ABOUT THIS TASK: Look through the data below and work out how many lines hold "that"; state only the number.

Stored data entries
lemma smooth_on_compose:
  fixes G :: "'c::euclidean_space \<Rightarrow> 'b::real_normed_vector" and \<Phi> :: "'a::euclidean_space \<Rightarrow> 'c"
  assumes G: "smooth_on S G" and P: "smooth_on T \<Phi>" and img: "\<And>x. x \<in> T \<Longrightarrow> \<Phi> x \<in> S"
  shows "smooth_on T (\<lambda>x. G (\<Phi> x))"
proof -
  have S: "open S" and T: "open T" using G P by (simp_all add: smooth_on_def)
  define Q where "Q f \<longleftrightarrow> (\<exists>c G'. smooth_on T c \<and> smooth_on S G' \<and> f = (\<lambda>x. c x *\<^sub>R G' (\<Phi> x)))"
    for f :: "'a \<Rightarrow> 'b"
  have cP: "continuous_on T \<Phi>" using smooth_on_imp_continuous_on[OF P] .
  have "smooth_on T (\<lambda>x. (\<lambda>_. 1::real) x *\<^sub>R G (\<Phi> x))"
  proof (rule smooth_on_coinduct[where P=Q])
    show "open T" by (rule T)
    show "Q (\<lambda>x. (\<lambda>_. 1::real) x *\<^sub>R G (\<Phi> x))" unfolding Q_def using smooth_on_const[OF T] G by blast
  next
    fix f assume "Q f"
    then obtain c G' where cg: "smooth_on T c" "smooth_on S G'" "f = (\<lambda>x. c x *\<^sub>R G' (\<Phi> x))"
      unfolding Q_def by blast
    have "continuous_on T (\<lambda>x. G' (\<Phi> x))"
      by (rule continuous_on_compose2[OF smooth_on_imp_continuous_on[OF cg(2)] cP]) (use img in blast)
    then show "continuous_on T f" unfolding cg(3)
      by (rule continuous_on_scaleR[OF smooth_on_imp_continuous_on[OF cg(1)]])
  next
    fix f and d :: 'a assume "Q f" and d: "d \<in> Basis"
    then obtain c G' where cg: "smooth_on T c" "smooth_on S G'" "f = (\<lambda>x. c x *\<^sub>R G' (\<Phi> x))"
      unfolding Q_def by blast
    obtain c1 where c1: "has_partial T c d c1" "smooth_on T c1" using smooth_on_has_partial[OF cg(1) d] by blast
    obtain DP where DP: "has_partial T \<Phi> d DP" "smooth_on T DP" using smooth_on_has_partial[OF P d] by blast
    have "\<forall>b\<in>Basis. \<exists>g. has_partial S G' b g \<and> smooth_on S g" using smooth_on_has_partial[OF cg(2)] by blast
    then obtain DG where DG: "\<And>b. b \<in> Basis \<Longrightarrow> has_partial S G' b (DG b) \<and> smooth_on S (DG b)"
      by metis
    have comp: "has_partial T (\<lambda>x. G' (\<Phi> x)) d (\<lambda>x. \<Sum>b\<in>Basis. (DP x \<bullet> b) *\<^sub>R DG b (\<Phi> x))"
      by (rule has_partial_compose[OF S]) (use DG DP img smooth_on_imp_continuous_on in auto)
    have pdf: "has_partial T f d (\<lambda>x. c1 x *\<^sub>R G' (\<Phi> x) + (\<Sum>b\<in>Basis. (c x * (DP x \<bullet> b)) *\<^sub>R DG b (\<Phi> x)))"
      using has_partial_scaleR[OF c1(1) comp] by (simp add: cg(3) scaleR_sum_right)
    have q1: "Q (\<lambda>x. c1 x *\<^sub>R G' (\<Phi> x))" unfolding Q_def using c1(2) cg(2) by blast
    have q2: "\<forall>b\<in>Basis. Q ((\<lambda>b x. (c x * (DP x \<bullet> b)) *\<^sub>R DG b (\<Phi> x)) b)"
    proof
      fix b :: 'c assume b: "b \<in> Basis"
      have "smooth_on T (\<lambda>x. DP x \<bullet> b)"
        by (rule smooth_on_compose_linear[OF bounded_linear_inner_left DP(2)])
      then have "smooth_on T (\<lambda>x. c x * (DP x \<bullet> b))" by (rule smooth_on_mult[OF cg(1)])
      then show "Q ((\<lambda>b x. (c x * (DP x \<bullet> b)) *\<^sub>R DG b (\<Phi> x)) b)"
        unfolding Q_def using DG[OF b] by blast
    qed
    show "\<exists>g0 (I::'c set) F. finite I \<and> Q g0 \<and> (\<forall>i\<in>I. Q (F i)) \<and> has_partial T f d (\<lambda>x. g0 x + (\<Sum>i\<in>I. F i x))"
      using q1 q2 pdf
      by (intro exI[of _ "\<lambda>x. c1 x *\<^sub>R G' (\<Phi> x)"] exI[of _ "Basis::'c set"]
          exI[of _ "\<lambda>b x. (c x * (DP x \<bullet> b)) *\<^sub>R DG b (\<Phi> x)"]) simp
  qed
  then show ?thesis by simp
qed

lemma continuous_on_vanishing_outside:
  assumes U: "open U" "continuous_on U f" and C: "closed C" "C \<subseteq> U"
    and van: "\<And>x. x \<notin> C \<Longrightarrow> f x = 0"
  shows "continuous_on UNIV f"
proof -
  have "continuous_on (- C) f"
    by (rule continuous_on_cong[THEN iffD1, OF refl _ continuous_on_const[of _ 0]]) (use van in auto)
  then have "continuous_on (U \<union> - C) f"
    using continuous_on_open_Un[OF U(1) _ U(2)] C(1) by (simp add: open_Compl)
  moreover have "U \<union> - C = UNIV" using C(2) by blast
  ultimately show ?thesis by simp
qed

lemma has_partial_extend_zero:
  fixes F :: "'a::euclidean_space \<Rightarrow> 'b::real_normed_vector"
  assumes S: "open S" and C: "closed C" "C \<subseteq> S" and van: "\<And>x. x \<in> S \<Longrightarrow> x \<notin> C \<Longrightarrow> F x = 0"
    and F1: "has_partial S F d F1"
  shows "has_partial UNIV (\<lambda>x. if x \<in> S then F x else 0) d (\<lambda>x. if x \<in> S then F1 x else 0)"
    and "\<And>x. x \<in> S \<Longrightarrow> x \<notin> C \<Longrightarrow> F1 x = 0"
proof -
  have oC: "open (- C)" using C(1) by (simp add: open_Compl)
  have zero_near: "((\<lambda>t. G (x + t *\<^sub>R d)) has_vector_derivative 0) (at 0)"
    if "x \<notin> C" "\<And>y. y \<in> T - C \<Longrightarrow> G y = 0" "open T" "x \<in> T" for G :: "'a \<Rightarrow> 'b" and T x
    by (rule has_vector_derivative_transform_within_open[OF has_vector_derivative_const[of 0]
          open_line_preimage[where S="T \<inter> - C"]])
       (use that oC in auto)
  show "F1 x = 0" if "x \<in> S" "x \<notin> C" for x
  proof -
    have "((\<lambda>t. F (x + t *\<^sub>R d)) has_vector_derivative 0) (at 0)"
      by (rule zero_near[of x S F]) (use that van S in auto)
    moreover have "((\<lambda>t. F (x + t *\<^sub>R d)) has_vector_derivative F1 x) (at 0)"
      using F1 that(1) unfolding has_partial_def by blast
    ultimately show ?thesis using vector_derivative_unique_at by metis
  qed
  show "has_partial UNIV (\<lambda>x. if x \<in> S then F x else 0) d (\<lambda>x. if x \<in> S then F1 x else 0)"
    unfolding has_partial_def
  proof
    fix x :: 'a
    show "((\<lambda>t. if x + t *\<^sub>R d \<in> S then F (x + t *\<^sub>R d) else 0) has_vector_derivative
        (if x \<in> S then F1 x else 0)) (at 0)"
    proof (cases "x \<in> S")
      case True
      have "((\<lambda>t. F (x + t *\<^sub>R d)) has_vector_derivative F1 x) (at 0)"
        using F1 True unfolding has_partial_def by blast
      then have "((\<lambda>t. if x + t *\<^sub>R d \<in> S then F (x + t *\<^sub>R d) else 0) has_vector_derivative F1 x) (at 0)"
        by (rule has_vector_derivative_transform_within_open[OF _ open_line_preimage[OF S]]) (use True in auto)
      then show ?thesis using True by simp
    next
      case False
      then have "x \<notin> C" using C(2) by blast
      have "((\<lambda>t. (\<lambda>y. if y \<in> S then F y else 0) (x + t *\<^sub>R d)) has_vector_derivative 0) (at 0)"
        by (rule zero_near[OF \<open>x \<notin> C\<close> _ open_UNIV]) (use van in auto)
      then show ?thesis using False by simp
    qed
  qed
qed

THE COMPLETED TASK: 3